(Saved entries)
definition Theta :: "real mat \<Rightarrow> real mat \<Rightarrow> real \<Rightarrow> real" where
  "Theta Q Z \<rho> = spec_norm (inv_mat (Z\<^sup>T * ((1 / \<rho>) \<cdot>\<^sub>m Q + 1\<^sub>m (dim_row Q)) * Z)
                      - (1/2) \<cdot>\<^sub>m 1\<^sub>m (dim_col Z))"

end

theory Submission
  imports Defs "Jordan_Normal_Form.Spectral_Radius"
begin

(* Write H = Z^T Q Z = U diag(lambda) U^T with U orthogonal; this spectral theorem is proved by
   deflation (complete a unit eigenvector to an orthogonal matrix by Gram-Schmidt and recurse on
   the complementary block), and positive definiteness makes every lambda_k positive.  Then
   Z^T (Q/rho + I) Z = U diag(lambda/rho + 1) U^T, so the matrix inside Theta(rho) is
   U diag(rho/(rho + lambda) - 1/2) U^T and Theta(rho) = max_k |rho - lambda_k| / (2 (rho + lambda_k)).
   For rho* = sqrt(lambda_min lambda_max) this maximum is attained at lambda_min and, with the same
   value, at lambda_max; raising rho increases the value at lambda_min and lowering it increases
   the value at lambda_max, so no rho does better.  The blocks are independent, hence rho_i* is
   optimal for the maximum over i. *)

lemma real_scalar_prod_self_nonneg: "0 \<le> (v :: real vec) \<bullet> v"
  using conjugate_square_ge_0_vec[of v] by simp

lemma real_scalar_prod_self_eq_0_iff:
  "(v :: real vec) \<in> carrier_vec n \<Longrightarrow> v \<bullet> v = 0 \<longleftrightarrow> v = 0\<^sub>v n"
  using conjugate_square_eq_0_vec[of v n] by simp

lemma vnorm_smult: "vnorm (c \<cdot>\<^sub>v v) = \<bar>c\<bar> * vnorm v"
proof -
  have "(c \<cdot>\<^sub>v v) \<bullet> (c \<cdot>\<^sub>v v) = c\<^sup>2 * (v \<bullet> v)" by (simp add: power2_eq_square)
  thus ?thesis by (simp add: vnorm_def real_sqrt_mult)
qed

lemma orthogonal_mat_cancel_left_vec:
  fixes U :: "'a :: semiring_1 mat"
  assumes "U \<in> carrier_mat m n" "U\<^sup>T * U = 1\<^sub>m n" "v \<in> carrier_vec n"
  shows "U\<^sup>T *\<^sub>v (U *\<^sub>v v) = v"
  using assms by (simp add: assoc_mult_mat_vec[symmetric, of "U\<^sup>T" n m U n v])

lemma vnorm_orthogonal_mult:
  assumes U: "U \<in> carrier_mat m n" and UU: "U\<^sup>T * U = 1\<^sub>m n" and v: "v \<in> carrier_vec n"
  shows "vnorm (U *\<^sub>v v) = vnorm v"
proof -
  have "(U *\<^sub>v v) \<bullet> (U *\<^sub>v v) = (U\<^sup>T *\<^sub>v (U *\<^sub>v v)) \<bullet> v"
    by (rule transpose_vec_mult_scalar[symmetric]) (use U v in auto)
  also have "U\<^sup>T *\<^sub>v (U *\<^sub>v v) = v"
    using U UU v by (rule orthogonal_mat_cancel_left_vec)
  finally show ?thesis by (simp add: vnorm_def)
qed

lemma orthogonal_mat_right_inverse:
  fixes U :: "'a :: field mat"
  shows "U \<in> carrier_mat n n \<Longrightarrow> U\<^sup>T * U = 1\<^sub>m n \<Longrightarrow> U * U\<^sup>T = 1\<^sub>m n"
  using mat_mult_left_right_inverse[of "U\<^sup>T" n U] by simp

lemma orthogonal_mat_cancel_left:
  fixes W :: "'a :: semiring_1 mat"
  assumes "W \<in> carrier_mat n n" "W\<^sup>T * W = 1\<^sub>m n" and "X \<in> carrier_mat n k"
  shows "W\<^sup>T * (W * X) = X"
  using assms by (simp add: assoc_mult_mat[of "W\<^sup>T" n n W n X k, symmetric])

lemma orthogonal_similarity_inverse:
  fixes W :: "real mat"
  assumes W: "W \<in> carrier_mat n n" "W\<^sup>T * W = 1\<^sub>m n" and H: "H \<in> carrier_mat n n"
  shows "W * (W\<^sup>T * H * W) * W\<^sup>T = H"
proof -
  note square = assoc_mult_mat[of _ n n _ n _ n] mult_carrier_mat[of _ n n _ n]
  have "W * (W\<^sup>T * H * W) * W\<^sup>T = (W * W\<^sup>T) * H * (W * W\<^sup>T)" using W H by (simp add: square)
  thus ?thesis using orthogonal_mat_right_inverse[OF W] H by simp
qed

lemma orthogonal_similarity_symmetric:
  fixes W :: "'a :: comm_semiring_0 mat"
  assumes W: "W \<in> carrier_mat n k" and H: "H \<in> carrier_mat n n" "H\<^sup>T = H"
  shows "(W\<^sup>T * H * W)\<^sup>T = W\<^sup>T * H * W"
proof -
  have "(W\<^sup>T * H * W)\<^sup>T = W\<^sup>T * (W\<^sup>T * H)\<^sup>T"
    by (rule transpose_mult[of _ k n _ k]) (use W H in auto)
  also have "(W\<^sup>T * H)\<^sup>T = H * W"
    using transpose_mult[of "W\<^sup>T" k n H n] W H by simp
  finally show ?thesis using W H by simp
qed

section \<open>The spectral theorem for real symmetric matrices\<close>

lemma real_symmetric_complex_eigenvalue_real:
  fixes H :: "real mat"
  assumes H: "H \<in> carrier_mat n n" and sym: "H\<^sup>T = H"
    and a: "eigenvalue (map_mat complex_of_real H) a"
  shows "a \<in> \<real>"
proof -
  define Hc where "Hc = map_mat complex_of_real H"
  have Hc: "Hc \<in> carrier_mat n n" and Hc_sym: "Hc\<^sup>T = Hc"
    using H sym by (auto simp: Hc_def map_mat_transpose)
  obtain z where z: "z \<in> carrier_vec n" "z \<noteq> 0\<^sub>v n" and ev: "Hc *\<^sub>v z = a \<cdot>\<^sub>v z"
    using a Hc unfolding Hc_def[symmetric] eigenvalue_def eigenvector_def by auto
  have conj_Hc: "Hc *\<^sub>v conjugate w = conjugate (Hc *\<^sub>v w)" if w: "w \<in> carrier_vec n" for w
  proof (rule eq_vecI)
    fix i assume "i < dim_vec (conjugate (Hc *\<^sub>v w))"
    hence i: "i < n" using Hc by simp
    have "conjugate (row Hc i) = row Hc i"
      using H i by (intro eq_vecI) (auto simp: Hc_def)
    thus "(Hc *\<^sub>v conjugate w) $ i = conjugate (Hc *\<^sub>v w) $ i"
      using i Hc w conjugate_sprod_vec[of "row Hc i" n w] by simp
  qed (use Hc in simp)
  have "a * (z \<bullet>c z) = (Hc *\<^sub>v z) \<bullet>c z"
    using z by (simp add: ev)
  also have "\<dots> = z \<bullet>c (Hc *\<^sub>v z)"
    using transpose_vec_mult_scalar[OF Hc carrier_vec_conjugate[OF z(1)] z(1)] conj_Hc[OF z(1)]
    by (simp add: Hc_sym)
  also have "\<dots> = cnj a * (z \<bullet>c z)"
    using z by (simp add: ev conjugate_smult_vec)
  finally have "a = cnj a"
    using z conjugate_square_eq_0_vec[OF z(1)] by simp
  thus ?thesis using Reals_cnj_iff by metis
qed

lemma real_symmetric_has_unit_eigenvector:
  fixes H :: "real mat"
  assumes H: "H \<in> carrier_mat n n" and sym: "H\<^sup>T = H" and n: "n > 0"
  shows "\<exists>e v. v \<in> carrier_vec n \<and> v \<bullet> v = 1 \<and> H *\<^sub>v v = e \<cdot>\<^sub>v v"
proof -
  define Hc where "Hc = map_mat complex_of_real H"
  have Hc: "Hc \<in> carrier_mat n n" using H by (simp add: Hc_def)
  obtain a where a: "eigenvalue Hc a"
    using spectrum_non_empty[OF Hc n] unfolding spectrum_def by auto
  then obtain e where "a = complex_of_real e"
    using real_symmetric_complex_eigenvalue_real[OF H sym] unfolding Hc_def by (auto elim: Reals_cases)
  with a have "poly (char_poly Hc) (complex_of_real e) = 0"
    using eigenvalue_root_char_poly[OF Hc] by simp
  hence "eigenvalue H e"
    unfolding eigenvalue_root_char_poly[OF H] Hc_def of_real_hom.char_poly_hom[OF H] by simp
  then obtain u where u: "u \<in> carrier_vec n" "u \<noteq> 0\<^sub>v n" and ev: "H *\<^sub>v u = e \<cdot>\<^sub>v u"
    using H unfolding eigenvalue_def eigenvector_def by auto
  have "u \<bullet> u > 0"
    using u real_scalar_prod_self_eq_0_iff[OF u(1)] real_scalar_prod_self_nonneg[of u] by linarith
  hence "vnorm u > 0" by (simp add: vnorm_def)
  define v where "v = (1 / vnorm u) \<cdot>\<^sub>v u"
  have "v \<bullet> v = 1"
    using \<open>vnorm u > 0\<close> by (simp add: v_def vnorm_def real_scalar_prod_self_nonneg)
  moreover have "H *\<^sub>v v = e \<cdot>\<^sub>v v"
    unfolding v_def mult_mat_vec[OF H u(1)] ev by (auto simp: smult_smult_assoc mult.commute)
  moreover have "v \<in> carrier_vec n" using u(1) by (simp add: v_def)
  ultimately show ?thesis by blast
qed
(* Let $(X,T)$ be a minimal Cantor system with a sequence of CKR partitions satisfying (KR1)–(KR6), and let $\lambda\in\mathbb C$ with $|\lambda|=1$. (1) If $\lambda$ is a continuous eigenvalue of $(X,T)$, then $\sup_{1\le k\le C(n)}|\lambda^{h_k(n)}-1|\to0$ as $n\to\infty$. (2) If $$\sum_{m\ge1}\frac{\max_{1\le k\le C(m+1)}h_k(m+1)}{\min_{1\le k\le C(m)}h_k(m)}\ \max_{1\le k\le C(m)}|\lambda^{h_k(m)}-1|<\infty,$$ then $\lambda$ is a continuous eigenvalue of $(X,T)$.
   Context: CKR partitions $\mathcal P(n)=\{T^{-j}B_k(n):1\le k\le C(n),0\le j<h_k(n)\}$ (partitions of $X$, $B_k(n)$ clopen) with $\mathcal P(0)$ trivial, roof $B(n)=\bigcup_kB_k(n)$. (KR1) $B(n+1)\subseteq B(n)$; (KR2) $\mathcal P(n+1)$ refines $\mathcal P(n)$; (KR3) $\bigcap_nB(n)$ is a single point; (KR4) the partitions generate the topology; (KR5) for all $n\ge1$, $k\le C(n-1)$, $l\le C(n)$ some $0\le j<h_l(n)$ has $T^{-j}B_l(n)\subseteq B_k(n-1)$; (KR6) $B(n)\subseteq B_1(n-1)$ for $n\ge1$. A continuous eigenvalue is $\lambda$ with $f\circ T=\lambda f$ for some continuous nonzero $f:X\to\mathbb C$. *)

theory Defs
  imports "HOL-Analysis.Analysis"
begin

text \<open>The phase space X is the whole of the (metrizable) type 'a.\<close>

definition cantor_space :: "'a::metric_space itself \<Rightarrow> bool" where
  "cantor_space _ \<longleftrightarrow> compact (UNIV :: 'a set) \<and> (UNIV :: 'a set) \<noteq> {}
     \<and> (\<forall>x::'a. connected_component_set UNIV x = {x})
     \<and> (\<forall>x::'a. x islimpt (UNIV :: 'a set))"

definition homeomorphism_map :: "('a::topological_space \<Rightarrow> 'a) \<Rightarrow> bool" where
  "homeomorphism_map T \<longleftrightarrow> bij T \<and> continuous_on UNIV T \<and> continuous_on UNIV (inv T)"

definition minimal_system :: "('a::topological_space \<Rightarrow> 'a) \<Rightarrow> bool" where
  "minimal_system T \<longleftrightarrow> (\<forall>A. closed A \<and> T ` A = A \<longrightarrow> A = {} \<or> A = UNIV)"

definition minimal_cantor_system :: "('a::metric_space \<Rightarrow> 'a) \<Rightarrow> bool" where
  "minimal_cantor_system T \<longleftrightarrow> cantor_space TYPE('a) \<and> homeomorphism_map T \<and> minimal_system T"

definition atom :: "('a \<Rightarrow> 'a) \<Rightarrow> (nat \<Rightarrow> nat \<Rightarrow> 'a set) \<Rightarrow> nat \<Rightarrow> nat \<Rightarrow> nat \<Rightarrow> 'a set" where
  "atom T B n k j = (T ^^ j) -` B k n"

definition atom_index :: "(nat \<Rightarrow> nat) \<Rightarrow> (nat \<Rightarrow> nat \<Rightarrow> nat) \<Rightarrow> nat \<Rightarrow> (nat \<times> nat) set" where
  "atom_index C h n = {(k, j). 1 \<le> k \<and> k \<le> C n \<and> j < h k n}"

definition atoms :: "('a \<Rightarrow> 'a) \<Rightarrow> (nat \<Rightarrow> nat) \<Rightarrow> (nat \<Rightarrow> nat \<Rightarrow> nat) \<Rightarrow> (nat \<Rightarrow> nat \<Rightarrow> 'a set) \<Rightarrow> nat \<Rightarrow> 'a set set" where
  "atoms T C h B n = (\<lambda>(k, j). atom T B n k j) ` atom_index C h n"

definition roof :: "(nat \<Rightarrow> nat) \<Rightarrow> (nat \<Rightarrow> nat \<Rightarrow> 'a set) \<Rightarrow> nat \<Rightarrow> 'a set" where
  "roof C B n = (\<Union>k\<in>{1..C n}. B k n)"

definition CKR_partition :: "('a::topological_space \<Rightarrow> 'a) \<Rightarrow> (nat \<Rightarrow> nat) \<Rightarrow> (nat \<Rightarrow> nat \<Rightarrow> nat) \<Rightarrow> (nat \<Rightarrow> nat \<Rightarrow> 'a set) \<Rightarrow> nat \<Rightarrow> bool" where
  "CKR_partition T C h B n \<longleftrightarrow>
     C n \<ge> 1
     \<and> (\<forall>k\<in>{1..C n}. h k n \<ge> 1 \<and> open (B k n) \<and> closed (B k n))
     \<and> (\<forall>p\<in>atom_index C h n. atom T B n (fst p) (snd p) \<noteq> {})
     \<and> (\<forall>p\<in>atom_index C h n. \<forall>q\<in>atom_index C h n. p \<noteq> q \<longrightarrow>
            atom T B n (fst p) (snd p) \<inter> atom T B n (fst q) (snd q) = {})
     \<and> \<Union>(atoms T C h B n) = UNIV"

definition CKR_sequence :: "('a::topological_space \<Rightarrow> 'a) \<Rightarrow> (nat \<Rightarrow> nat) \<Rightarrow> (nat \<Rightarrow> nat \<Rightarrow> nat) \<Rightarrow> (nat \<Rightarrow> nat \<Rightarrow> 'a set) \<Rightarrow> bool" where
  "CKR_sequence T C h B \<longleftrightarrow>
     (\<forall>n. CKR_partition T C h B n)
     \<comment> \<open>P(0) trivial\<close>
     \<and> C 0 = 1 \<and> h 1 0 = 1 \<and> B 1 0 = UNIV
     \<comment> \<open>KR1\<close>
     \<and> (\<forall>n. roof C B (Suc n) \<subseteq> roof C B n)
     \<comment> \<open>KR2\<close>
     \<and> (\<forall>n. \<forall>P\<in>atoms T C h B (Suc n). \<exists>Q\<in>atoms T C h B n. P \<subseteq> Q)
     \<comment> \<open>KR3\<close>
     \<and> (\<exists>x. (\<Inter>n. roof C B n) = {x})
     \<comment> \<open>KR4\<close>
     \<and> topological_basis (\<Union>n. atoms T C h B n)
     \<comment> \<open>KR5\<close>
     \<and> (\<forall>n\<ge>1. \<forall>k\<in>{1..C (n-1)}. \<forall>l\<in>{1..C n}. \<exists>j<h l n. atom T B n l j \<subseteq> B k (n-1))
     \<comment> \<open>KR6\<close>
     \<and> (\<forall>n\<ge>1. roof C B n \<subseteq> B 1 (n-1))"

definition continuous_eigenvalue :: "('a::topological_space \<Rightarrow> 'a) \<Rightarrow> complex \<Rightarrow> bool" where
  "continuous_eigenvalue T c \<longleftrightarrow>
     (\<exists>f::'a \<Rightarrow> complex. continuous_on UNIV f \<and> (\<exists>x. f x \<noteq> 0) \<and> (\<forall>x. f (T x) = c * f x))"

end

theory Submission
  imports Defs
begin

**What to work on**
Supply the number of lines above that contain the word "matrix", and nothing else.

**Exercise result**
2